[Data extracted from a collection]
----------
lemma norm_limit_at_infinity_le_frontier_bound:
  fixes U :: "complex \<Rightarrow> complex"
  assumes "open D" and "U holomorphic_on D" and "continuous_on (closure D) U"
    and "p \<notin> closure D" and "- cball 0 R \<subseteq> D"
    and lim: "(U \<longlongrightarrow> l) at_infinity"
    and "\<And>w. w \<in> frontier D \<Longrightarrow> norm (U w) \<le> S"
  shows "norm l \<le> S"
proof (rule Lim_norm_ubound[OF _ lim])
  have "\<forall>\<^sub>F w in at_infinity. norm (U w) \<le> norm l + 1"
    using order_tendstoD(2)[OF tendsto_norm[OF lim], of "norm l + 1"] by (auto elim: eventually_mono)
  moreover have "\<forall>\<^sub>F w in at_infinity. w \<in> D"
    using \<open>- cball 0 R \<subseteq> D\<close> unfolding eventually_at_infinity by (intro exI[of _ "R + 1"]) auto
  ultimately show "\<forall>\<^sub>F w in at_infinity. norm (U w) \<le> S"
    by (auto elim: eventually_mono intro: exterior_maximum_modulus[OF assms(1-4) _ assms(7)])
qed (use trivial_limit_at_infinity in simp)

theorem proposition7p7:
  fixes M :: nat and zc :: "nat \<Rightarrow> complex" and r :: "nat \<Rightarrow> real"
    and f f' W :: "complex \<Rightarrow> complex" and c :: real
  assumes M_pos: "M \<ge> 1"
    and r_pos: "\<forall>k<M. r k > 0"
    and disjoint: "\<forall>j<M. \<forall>k<M. j \<noteq> k \<longrightarrow> cball (zc j) (r j) \<inter> cball (zc k) (r k) = {}"
    and f_deriv: "\<forall>z\<in>closure (hv_domain M zc r).
                    (f has_field_derivative f' z) (at z within closure (hv_domain M zc r))"
    and f'_cont: "continuous_on (closure (hv_domain M zc r)) f'"
    and f'_nz: "\<forall>z\<in>closure (hv_domain M zc r). f' z \<noteq> 0"
    and f_inj: "inj_on f (closure (hv_domain M zc r))"
    and f_infty: "(\<lambda>z. f z - z) \<in> O[at_infinity](\<lambda>z. 1 / z)"
    and W_holo: "W holomorphic_on hv_domain M zc r"
    and W_cont: "continuous_on (closure (hv_domain M zc r)) W"
    and W_infty: "W \<in> O[at_infinity](\<lambda>z. 1 / z)"
    and kinematic: "\<forall>k<M. \<forall>z\<in>sphere (zc k) (r k).
                      Re ((z - zc k) * f' z * hv_U W f' c z) = 0"
    and bernoulli: "\<forall>k<M. \<exists>B. \<forall>z\<in>sphere (zc k) (r k). norm (hv_U W f' c z) = B"
  shows "\<bar>c\<bar> \<le> real M * (SUP z\<in>frontier (hv_domain M zc r). norm (hv_U W f' c z))
       \<and> \<bar>c\<bar> \<le> real M * (SUP z\<in>frontier (hv_domain M zc r).
                              norm (hv_U W f' c z) + 1 / norm (hv_U W f' c z))"
proof -
  define D where "D = hv_domain M zc r"
  define U where "U = hv_U W f' c"
  define S where "S = (SUP z\<in>frontier D. norm (U z))"
  have "open D"
    unfolding D_def by (rule open_hv_domain)
  obtain R where exterior: "- cball 0 R \<subseteq> D"
    unfolding D_def by (rule hv_domain_contains_exterior)
  have f_deriv_D: "(f has_field_derivative f' z) (at z)" if "z \<in> D" for z
    using f_deriv that closure_subset[of D] at_within_open[OF that \<open>open D\<close>]
    unfolding D_def by (metis DERIV_subset subsetD)
  have U_holo: "U holomorphic_on D"
    unfolding U_def using \<open>open D\<close> f_deriv_D W_holo f'_nz closure_subset[of D]
    by (intro holomorphic_on_hv_U) (auto simp: D_def)
  have U_cont: "continuous_on (closure D) U"
    unfolding U_def hv_U_def using W_cont f'_cont f'_nz
    by (auto intro!: continuous_intros simp: D_def)
  have U_lim: "(U \<longlongrightarrow> - of_real c) at_infinity"
    unfolding U_def using f_deriv_D exterior f_infty W_infty
    by (intro tendsto_hv_U_at_infinity) auto
  have fin: "finite ((\<lambda>z. norm (U z)) ` frontier D)"
    unfolding D_def U_def using bernoulli by (rule finite_image_frontier_hv_domain)
  have bdd: "bdd_above ((\<lambda>z. norm (U z)) ` frontier D)"
    "bdd_above ((\<lambda>z. norm (U z) + 1 / norm (U z)) ` frontier D)"
    using bdd_above_finite[OF fin] bdd_above_finite[OF finite_imageI[OF fin, of "\<lambda>x. x + 1 / x"]]
    by (simp_all add: image_image)
  have "zc 0 \<notin> closure D"
    unfolding D_def using M_pos r_pos by (intro centre_notin_closure_hv_domain) auto
  then have "\<bar>c\<bar> \<le> S"
    using norm_limit_at_infinity_le_frontier_bound[OF \<open>open D\<close> U_holo U_cont _ exterior U_lim]
      cSUP_upper[OF _ bdd(1)] unfolding S_def by simp
  have "frontier D \<noteq> {}"
    unfolding D_def using M_pos r_pos by (intro frontier_hv_domain_nonempty) auto
  then have "S \<le> (SUP z\<in>frontier D. norm (U z) + 1 / norm (U z))"
    unfolding S_def by (rule cSUP_mono[OF _ bdd(2)]) (force intro: bexI)
  then have "real M * S \<le> real M * (SUP z\<in>frontier D. norm (U z) + 1 / norm (U z))"
    by (rule mult_left_mono) simp
  moreover have "S \<le> real M * S"
    using M_pos \<open>\<bar>c\<bar> \<le> S\<close> mult_right_mono[of 1 "real M" S] by simp
  ultimately show ?thesis
    using \<open>\<bar>c\<bar> \<le> S\<close> unfolding S_def D_def U_def by linarith
qed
----------
The lines above that hold "noteq" are the result; show every one of them.

    and disjoint: "\<forall>j<M. \<forall>k<M. j \<noteq> k \<longrightarrow> cball (zc j) (r j) \<inter> cball (zc k) (r k) = {}"
    and f'_nz: "\<forall>z\<in>closure (hv_domain M zc r). f' z \<noteq> 0"
  have "frontier D \<noteq> {}"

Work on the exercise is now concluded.